The blinking red light at 12th and Jackson streets has got some residents seeing red.

"I don't think it's a good idea, they should have left the lights in," Steve Spurbeck said. "There's too much confusion."

It's the same story at 27th Street and Cleveland Avenue.

"This is going to be an accident waiting to happen. There's no one coming to a complete stop," local business owner Byron Smith said.

Everybody is talking about the city's first phase of their traffic light project - replacing 37 high-pedestrian traffic light areas with stop signs and blinking red lights. City officials admit the change isn't for drivers.

"These are going to benefit the pedestrian more than the driver. But when it comes down to it, our interest is in the safety of the people in Kansas City," Sean Demory with Kansas City Public Works said.

And the city is hearing about it. Councilman Jermaine Reed said his phone has been ringing off the hook, but he said it's a work in progress.

"I have gone through and done my own windshield survey and seen the stop signs and many of the changes," Reed said. "Right off the top of my head, I don't know if it's a good idea or bad idea just yet."

Some drivers do think it's a good idea.

"It makes it safe.
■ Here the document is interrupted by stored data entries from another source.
lemma log2_num_G_ge_at:
  fixes n t d :: nat
  assumes t: "1 \<le> t" and d: "1 \<le> d" and L: "128 \<le> log 2 (real n)"
    and large: "64 * real t * real d * log 2 (real n) \<le> real n"
  shows "(2 * real d * real t - 1) * real n * log 2 (real n)
      - (4 * real n * log 2 (real d) + 2 * real n * log 2 (real t)
         + 2 * real n * log 2 (log 2 (real n)) + real n) * real d * real t
      - 2 * real n - 2 * log 2 (real n) \<le> log 2 (real (num_G t d n))"
proof -
  define L where "L = log 2 (real n)"
  define Q where "Q = real n / (real d * L)"
  have "2 \<le> L" "64 * real t * real d * L \<le> real n"
    using L large unfolding L_def by simp_all
  then obtain m m' where m: "Q - 1 \<le> real m" and m': "Q/4 - 1 \<le> real m'"
    and "2*t \<le> m" "2*t \<le> m'" and y: "real d * real m \<le> real n / L"
    and z: "real d * real m' \<le> real n / (4*L)" and fits: "d*m' + d*m \<le> n"
    using box_parameters_exist[OF t d _ _ Q_def] by blast
  have "0 < L" "0 < real n"
    using L unfolding L_def by (auto simp: log_def intro!: Nat.gr0I)
  have Q: "64 * real t \<le> Q"
    using large d \<open>0 < L\<close> unfolding Q_def L_def by (simp add: field_simps)
  interpret box_construction t d m m' n
    using t d fits \<open>2*t \<le> m\<close> by unfold_locales auto
  have logQ: "log 2 Q = L - log 2 (real d) - log 2 L"
    using \<open>0 < L\<close> \<open>0 < real n\<close> d unfolding Q_def by (simp add: log_divide log_mult L_def[symmetric])
  have A: "2*real t*(L - log 2 (real d) - log 2 L + log 2 (31/32))
      - (2*real t*(1 + log 2 (real t)) - 2*real t*(1/ln 2) + (1 + log 2 (real t)) + 1/ln 2)
      \<le> log 2 (m choose (2*t))"
    using log2_choose_coded_ge[OF t Q m(1) \<open>2*t \<le> m\<close>] unfolding logQ .
  have B: "(2*real t - 2)*(L - log 2 (real d) - log 2 L - 3 - (1 + log 2 (real t)))
      \<le> log 2 (m' choose (2*(t-1)))"
    using log2_choose_probe_ge[OF t Q m'(1)] \<open>2*t \<le> m'\<close> unfolding logQ by simp
  have F: "log 2 (fact n) \<le> real n * L - real n * (1/ln 2) + L + 1/ln 2"
    using log2_fact_le[of n] \<open>0 < real n\<close> unfolding L_def by simp
  have N_eq: "real n = real (n - (d*m' + d*m)) + real d * real m + real d * real m'"
    using fits by (simp add: of_nat_diff)
  have "0 \<le> log 2 L"
    using L[folded L_def] by simp
  from counting_bound_arith[OF \<open>0 < real n\<close> _ _ L[folded L_def] _ _ this one_plus_log2_le[OF t]
      inv_ln2_bounds log2_31_32_ge _ N_eq _ _ y _ z A B F log2_dimension_bound[OF d]]
  have "(2 * real d * real t - 1) * real n * L
      - (4 * real n * log 2 (real d) + 2 * real n * log 2 (real t) + 2 * real n * log 2 L + real n) * real d * real t
      - 2 * real n - 2 * L
      \<le> real d * real (n - (d*m' + d*m)) * log 2 (m choose (2*t))
        + real d * (real d * real m) * log 2 (m' choose (2*(t-1))) - log 2 (fact n)"
    using t d by simp
  also have "\<dots> \<le> log 2 (num_G t d n)"
    using log2_num_G_ge[OF \<open>2*t \<le> m\<close>] \<open>2*t \<le> m'\<close> unfolding of_nat_mult by (simp add: ac_simps)
  finally show ?thesis
    unfolding L_def .
qed
(* Let $f(x)=\log(1-x)$ or $f(x)=\log(1+x)$, and let $\lambda>-\tfrac12$, $\lambda\ne0$. Then for each $n\ge1$ the Gegenbauer coefficients of $f$ are \[ a_n^\lambda=\mu_n\,\frac{4^\lambda\Gamma(\lambda)\Gamma(\lambda+\frac12)}{\sqrt\pi}\cdot\frac{\Gamma(n+1)\Gamma(n+\lambda+1)}{n\,\Gamma(n+\lambda)\Gamma(n+1+2\lambda)}, \] where $\mu_n=-1$ for $f(x)=\log(1-x)$ and $\mu_n=(-1)^{n+1}$ for $f(x)=\log(1+x)$.
   Context: $C_n^{(\lambda)}$ is the Gegenbauer polynomial normalized by $C_n^{(\lambda)}(1)=\Gamma(n+2\lambda)/(n!\,\Gamma(2\lambda))$, orthogonal on $[-1,1]$ with weight $(1-x^2)^{\lambda-1/2}$, with $h_n^{(\lambda)}=\frac{2^{1-2\lambda}\pi}{\Gamma(\lambda)^2}\frac{\Gamma(n+2\lambda)}{\Gamma(n+1)(n+\lambda)}$; the Gegenbauer coefficients are $a_n^{\lambda}=\frac{1}{h_n^{(\lambda)}}\int_{-1}^1(1-x^2)^{\lambda-1/2}f(x)C_n^{(\lambda)}(x)\,dx$. *)

theory Defs
  imports "HOL-Analysis.Analysis"
begin

text \<open>This gives the normalization C_n(1) = Gamma(n+2 lambda)/(n! Gamma(2 lambda)).\<close>
fun gegenbauer :: "real \<Rightarrow> nat \<Rightarrow> real \<Rightarrow> real" where
  "gegenbauer l 0 x = 1"
| "gegenbauer l (Suc 0) x = 2 * l * x"
| "gegenbauer l (Suc (Suc n)) x =
     (2 * x * (real n + 1 + l) * gegenbauer l (Suc n) x
      - (real n + 2 * l) * gegenbauer l n x) / (real n + 2)"

definition gegenbauer_h :: "real \<Rightarrow> nat \<Rightarrow> real" where
  "gegenbauer_h l n =
     (2 powr (1 - 2 * l) * pi / (Gamma l)^2) *
     (Gamma (real n + 2 * l) / (Gamma (real n + 1) * (real n + l)))"

definition gegenbauer_coeff :: "real \<Rightarrow> (real \<Rightarrow> real) \<Rightarrow> nat \<Rightarrow> real" where
  "gegenbauer_coeff l f n =
     (1 / gegenbauer_h l n) *
     (LBINT x=-1..1. (1 - x^2) powr (l - 1/2) * f x * gegenbauer l n x)"

end

theory Submission
  imports Defs
begin

text \<open>
  Write w(x) = (1 - x^2)^(\<lambda>-1/2) and s = \<plusminus>1. In self-adjoint form the Gegenbauer equation reads
  ((1 - x^2)^(\<lambda>+1/2) C_n')' = -n (n + 2\<lambda>) w C_n. Integrating by parts against ln (1 - s x), whose
  derivative times 1 - x^2 is -s (1 + s x), and noting that the boundary terms vanish because
  (1 - x^2)^(\<lambda>+1/2) ln (1 - s x) tends to 0 at \<plusminus>1, gives
  n (n + 2\<lambda>) \<integral> w C_n ln (1 - s x) = -s \<integral> w (1 + s x) C_n'.
  Since C_(n+1)' - C_(n-1)' = 2 (n + \<lambda>) C_n and C_n is orthogonal to 1 and x for n \<ge> 2, the last
  integral equals s^(n-1) 2\<lambda> \<integral> w, and \<integral> w = \<surd>\<pi> \<Gamma>(\<lambda> + 1/2) / \<Gamma>(\<lambda> + 1) is a Beta integral
  evaluated by Legendre's duplication formula.
\<close>

fun gegenbauer_deriv :: "real \<Rightarrow> nat \<Rightarrow> real \<Rightarrow> real" where
  "gegenbauer_deriv l 0 x = 0"
| "gegenbauer_deriv l (Suc 0) x = 2 * l"
| "gegenbauer_deriv l (Suc (Suc n)) x =
     (2 * (real n + 1 + l) * gegenbauer l (Suc n) x
      + 2 * x * (real n + 1 + l) * gegenbauer_deriv l (Suc n) x
      - (real n + 2 * l) * gegenbauer_deriv l n x) / (real n + 2)"

lemma has_real_derivative_gegenbauer:
  "(gegenbauer l n has_real_derivative gegenbauer_deriv l n x) (at x)"
proof (induction l n x rule: gegenbauer.induct)
  case (3 l n x)
  have "gegenbauer l (Suc (Suc n)) = (\<lambda>x. (1 / (real n + 2)) *
      (2 * x * (real n + 1 + l) * gegenbauer l (Suc n) x - (real n + 2 * l) * gegenbauer l n x))"
    by (rule ext) simp
  then show ?case
    using 3 by (auto intro!: derivative_eq_intros simp: divide_simps)
qed (auto intro!: derivative_eq_intros)

lemma isCont_gegenbauer: "isCont (gegenbauer l n) x"
  using has_real_derivative_gegenbauer by (rule DERIV_isCont)

lemma isCont_gegenbauer_deriv: "isCont (gegenbauer_deriv l n) x"
proof (induction l n x rule: gegenbauer_deriv.induct)
  case (3 l n x)
  have "gegenbauer_deriv l (Suc (Suc n)) = (\<lambda>x. (2 * (real n + 1 + l) * gegenbauer l (Suc n) x
      + 2 * x * (real n + 1 + l) * gegenbauer_deriv l (Suc n) x
      - (real n + 2 * l) * gegenbauer_deriv l n x) / (real n + 2))"
    by (rule ext) simp
  then show ?case
    using 3 by (auto intro!: continuous_intros isCont_gegenbauer)
qed auto

lemma continuous_on_gegenbauer [continuous_intros]: "continuous_on A (gegenbauer l n)"
  by (intro continuous_at_imp_continuous_on ballI isCont_gegenbauer)

lemma continuous_on_gegenbauer_deriv [continuous_intros]: "continuous_on A (gegenbauer_deriv l n)"
  by (intro continuous_at_imp_continuous_on ballI isCont_gegenbauer_deriv)

lemma gegenbauer_deriv_recurrences:
  "x * gegenbauer_deriv l (Suc m) x - gegenbauer_deriv l m x = real (Suc m) * gegenbauer l (Suc m) x \<and>
   (1 - x^2) * gegenbauer_deriv l (Suc m) x =
     (real m + 2 * l) * gegenbauer l m x - real (Suc m) * x * gegenbauer l (Suc m) x"
proof (induction m)
  case 0
  then show ?case by (simp add: power2_eq_square algebra_simps)
next
  case (Suc m)
  define c0 c1 d0 d1 where "c0 = gegenbauer l m x" and "c1 = gegenbauer l (Suc m) x"
    and "d0 = gegenbauer_deriv l m x" and "d1 = gegenbauer_deriv l (Suc m) x"
  have pred: "d0 = x * d1 - real (Suc m) * c1"
    and ode: "(1 - x^2) * d1 = (real m + 2 * l) * c0 - real (Suc m) * x * c1"
    using Suc.IH unfolding c0_def c1_def d0_def d1_def by auto
  have c2: "gegenbauer l (Suc (Suc m)) x =
      (2 * x * (real m + 1 + l) * c1 - (real m + 2 * l) * c0) / (real m + 2)"
    by (simp add: c0_def c1_def)
  have d2: "gegenbauer_deriv l (Suc (Suc m)) x = (real m + 1 + 2 * l) * c1 + x * d1"
    by (simp add: c1_def d1_def pred[unfolded d0_def c1_def d1_def] field_simps)
  have "(real m + 2) * ((1 - x^2) * d1) =
      (real m + 2) * ((real m + 2 * l) * c0 - real (Suc m) * x * c1)"
    and "x * (real m + 2) * ((1 - x^2) * d1) =
      x * (real m + 2) * ((real m + 2 * l) * c0 - real (Suc m) * x * c1)"
    using ode by simp_all
  then show ?case
    unfolding d2 c2 d1_def[symmetric] c1_def[symmetric]
    by (simp add: field_simps power2_eq_square)
qed

lemma gegenbauer_deriv_pred:
  "gegenbauer_deriv l m x = x * gegenbauer_deriv l (Suc m) x - real (Suc m) * gegenbauer l (Suc m) x"
  using gegenbauer_deriv_recurrences[of x l m] by linarith

lemma gegenbauer_ode:
  "(1 - x^2) * gegenbauer_deriv l (Suc m) x =
     (real m + 2 * l) * gegenbauer l m x - real (Suc m) * x * gegenbauer l (Suc m) x"
  using gegenbauer_deriv_recurrences[of x l m] by blast

lemma gegenbauer_deriv_Suc_Suc:
  "gegenbauer_deriv l (Suc (Suc m)) x =
     gegenbauer_deriv l m x + 2 * (real m + 1 + l) * gegenbauer l (Suc m) x"
  by (simp add: gegenbauer_deriv_pred[of l m] field_simps)

lemma interval_integral_minus_one_one:
  "(LBINT x=-1..1. f x) = (LBINT x:{-1<..<1::real}. f x)"
proof -
  have "einterval (-1) 1 = {-1<..<1::real}"
    by (auto simp: einterval_def one_ereal_def)
  then show ?thesis
    by (subst interval_lebesgue_integral_le_eq) (auto simp: one_ereal_def)
qed

lemma set_integral_open_interval_FTC:
  fixes F f :: "real \<Rightarrow> real"
  assumes "a < b"
    and deriv: "\<And>x. x \<in> {a<..<b} \<Longrightarrow> (F has_real_derivative f x) (at x)"
    and cont: "continuous_on {a<..<b} f"
    and int: "set_integrable lborel {a<..<b} f"
    and lim_a: "(F \<longlongrightarrow> A) (at_right a)" and lim_b: "(F \<longlongrightarrow> B) (at_left b)"
  shows "(LBINT x:{a<..<b}. f x) = B - A"
proof -
  have eint: "einterval (ereal a) (ereal b) = {a<..<b}"
    by (auto simp: einterval_def)
  have "(LBINT x=ereal a..ereal b. f x) = B - A"
  proof (rule interval_integral_FTC_integrable)
    fix x assume "ereal a < ereal x" "ereal x < ereal b"
    then have x: "x \<in> {a<..<b}" by simp
    show "(F has_vector_derivative f x) (at x)"
      using deriv[OF x] by (simp add: has_real_derivative_iff_has_vector_derivative)
    show "isCont f x"
      using cont x by (simp add: continuous_on_eq_continuous_at)
  qed (use assms eint in \<open>auto simp: ereal_tendsto_simps1\<close>)
  then show ?thesis
    using \<open>a < b\<close> by (simp add: interval_lebesgue_integral_le_eq eint)
qed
A lot of people will be driving wild, especially the youngsters out here," Kevin Riley said.

The mayor said the changes also help the environment because there are less idling cars.

"It's making sure we are being as environmentally sound as we possibly can, but it also has a safety component to making sure that the lights themselves are not contributing to accidents or problems with people," said Kansas City, MO, Mayor Sly James.

Public Works said they will spend the next two weeks looking at the updates and will makes changes to the system as needed.

Residents wanting information on the traffic signal changes can attend a public meeting on the traffic lights Monday at 6 p.m. at the Samuel U. Rodgers Health Center at 825 Euclid.